Citi's Trading Profit Highlights Stakes in Glass-Steagall Debate

Citigroup’s (NYSE:C) jump in second-quarter trading profits highlights the benefits of diversification for big banks — and how much they have to lose from the movement to resurrect the Glass-Steagall barriers between commercial and investment banking.

Citigroup, perhaps more than any other bank, has been a product and a victim of the decision to remove those barriers, which originated with the Depression-era Glass-Steagall law. As the law was repealed in 1999, Citigroup ballooned into an unwieldy financial supermarket, shrinking only after the financial crisis forced it to take three government bailouts. Now the bank is much smaller, but it still relies on a complex mixture of banking and trading activities to drive profits.
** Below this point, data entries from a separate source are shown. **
lemma one_line_inj:
  assumes "\<sigma> permutes {1..N}" "\<tau> permutes {1..N}" "one_line \<sigma> N = one_line \<tau> N"
  shows "\<sigma> = \<tau>"
proof
  fix i
  show "\<sigma> i = \<tau> i"
  proof (cases "i \<in> {1..N}")
    case True
    then have "\<sigma> i = one_line \<sigma> N ! (i - 1)" "\<tau> i = one_line \<tau> N ! (i - 1)"
      by (auto simp: nth_one_line)
    then show ?thesis
      using assms(3) by simp
  next
    case False
    then show ?thesis
      using assms(1,2) by (simp add: permutes_not_in)
  qed
qed

lemma one_line_surj:
  assumes "distinct w" "set w = {1..N}"
  obtains \<sigma> where "\<sigma> permutes {1..N}" "one_line \<sigma> N = w"
proof
  have "length w = N"
    using assms distinct_card by fastforce
  define \<sigma> where "\<sigma> i = (if i \<in> {1..N} then w ! (i - 1) else i)" for i
  have "bij_betw (\<lambda>i. i - 1) {1..N} {..<N}"
    by (rule bij_betw_byWitness[where f' = Suc]) auto
  moreover have "bij_betw ((!) w) {..<N} {1..N}"
    using bij_betw_nth[OF assms(1)] assms(2) \<open>length w = N\<close> by simp
  ultimately have "bij_betw \<sigma> {1..N} {1..N}"
    by (rule bij_betw_trans[THEN bij_betw_cong[THEN iffD1, rotated]]) (simp add: \<sigma>_def)
  then show "\<sigma> permutes {1..N}"
    by (rule bij_imp_permutes) (auto simp: \<sigma>_def)
  show "one_line \<sigma> N = w"
    by (rule nth_equalityI) (auto simp: \<open>length w = N\<close> nth_one_line \<sigma>_def)
qed

lemma card_permutes_one_line:
  "card {\<sigma>. \<sigma> permutes {1..N} \<and> P (one_line \<sigma> N)} = card {w. distinct w \<and> set w = {1..N} \<and> P w}"
proof (rule bij_betw_same_card, rule bij_betw_imageI)
  show "inj_on (\<lambda>\<sigma>. one_line \<sigma> N) {\<sigma>. \<sigma> permutes {1..N} \<and> P (one_line \<sigma> N)}"
    by (rule inj_onI) (auto intro: one_line_inj)
  show "(\<lambda>\<sigma>. one_line \<sigma> N) ` {\<sigma>. \<sigma> permutes {1..N} \<and> P (one_line \<sigma> N)} =
      {w. distinct w \<and> set w = {1..N} \<and> P w}"
  proof
    show "(\<lambda>\<sigma>. one_line \<sigma> N) ` {\<sigma>. \<sigma> permutes {1..N} \<and> P (one_line \<sigma> N)} \<subseteq>
        {w. distinct w \<and> set w = {1..N} \<and> P w}"
      using one_line_permutes by blast
    show "{w. distinct w \<and> set w = {1..N} \<and> P w} \<subseteq>
        (\<lambda>\<sigma>. one_line \<sigma> N) ` {\<sigma>. \<sigma> permutes {1..N} \<and> P (one_line \<sigma> N)}"
      by (auto elim!: one_line_surj)
  qed
qed

lemma card_slot_free_partial_words:
  assumes "excess S = 0"
  shows "card {w. distinct w \<and> set w = {1..m} \<and> map Some w \<in> partial_words m S} =
    card (partial_words m S)"
proof -
  have "partial_words m S = map Some ` {w. distinct w \<and> set w = {1..m} \<and> map Some w \<in> partial_words m S}"
  proof (intro equalityI subsetI)
    fix u assume "u \<in> partial_words m S"
    moreover from this have "map Some (entries u) = u"
      using assms map_Some_entries by (simp add: partial_words_def)
    moreover note \<open>excess S = 0\<close>
    ultimately show "u \<in> map Some ` {w. distinct w \<and> set w = {1..m} \<and> map Some w \<in> partial_words m S}"
      by (intro image_eqI[where x = "entries u"]) (auto simp: partial_words_def)
  qed auto
  moreover have "inj (map Some)"
    by (simp add: inj_on_def)
  ultimately show ?thesis
    by (metis (no_types, lifting) card_image inj_on_subset subset_UNIV)
qed

lemma primary_eod_if_signature:
  assumes "\<sigma> \<in> X_set n" "is_signature n (desc_tops \<sigma> (2*n) \<union> desc_bottoms \<sigma> (2*n))"
  shows "primary_eod n \<sigma>"
  unfolding primary_eod_def
proof (intro conjI ballI impI)
  show "\<sigma> \<in> X_set n"
    by fact
  fix t b assume t: "t \<in> desc_tops \<sigma> (2*n)" and b: "b \<in> desc_bottoms \<sigma> (2*n)" and "b < t"
  have "even t" "odd b"
    using t b assms(1) by (auto simp: desc_tops_def desc_bottoms_def X_set_def)
  show "t - b \<ge> 3"
  proof (rule ccontr)
    assume "\<not> t - b \<ge> 3"
    then have "t = 2 * (t div 2)" "b = 2 * (t div 2) - 1"
      using \<open>even t\<close> \<open>odd b\<close> \<open>b < t\<close> by presburger+
    moreover have "t div 2 \<in> {1..n}"
      using t assms(2) \<open>t = 2 * (t div 2)\<close> by (auto simp: is_signature_def)
    ultimately show False
      using t b assms(2) unfolding is_signature_def by (metis UnCI)
  qed
qed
On Monday, Citigroup said its securities and banking unit helped its second-quarter profit exceed expectations and offset weak growth in its large and international consumer operations. Overall profit grew 42% from a year earlier, to $4.18 billion, or $1.34 a share. Excluding an accounting adjustment, Citigroup’s per-share profit was $1.25, seven cents better than consensus estimates of analysts polled by Bloomberg.

Citigroup’s results mirrored a similar report Friday from JPMorgan Chase (JPM), which also relied on strong trading results to carry it through a weak quarter for traditional banking activities. Coming days after lawmakers introduced a bill that would effectively resurrect Glass-Steagall, both earnings reports show how crucial investment banking is to large banks’ business mix.”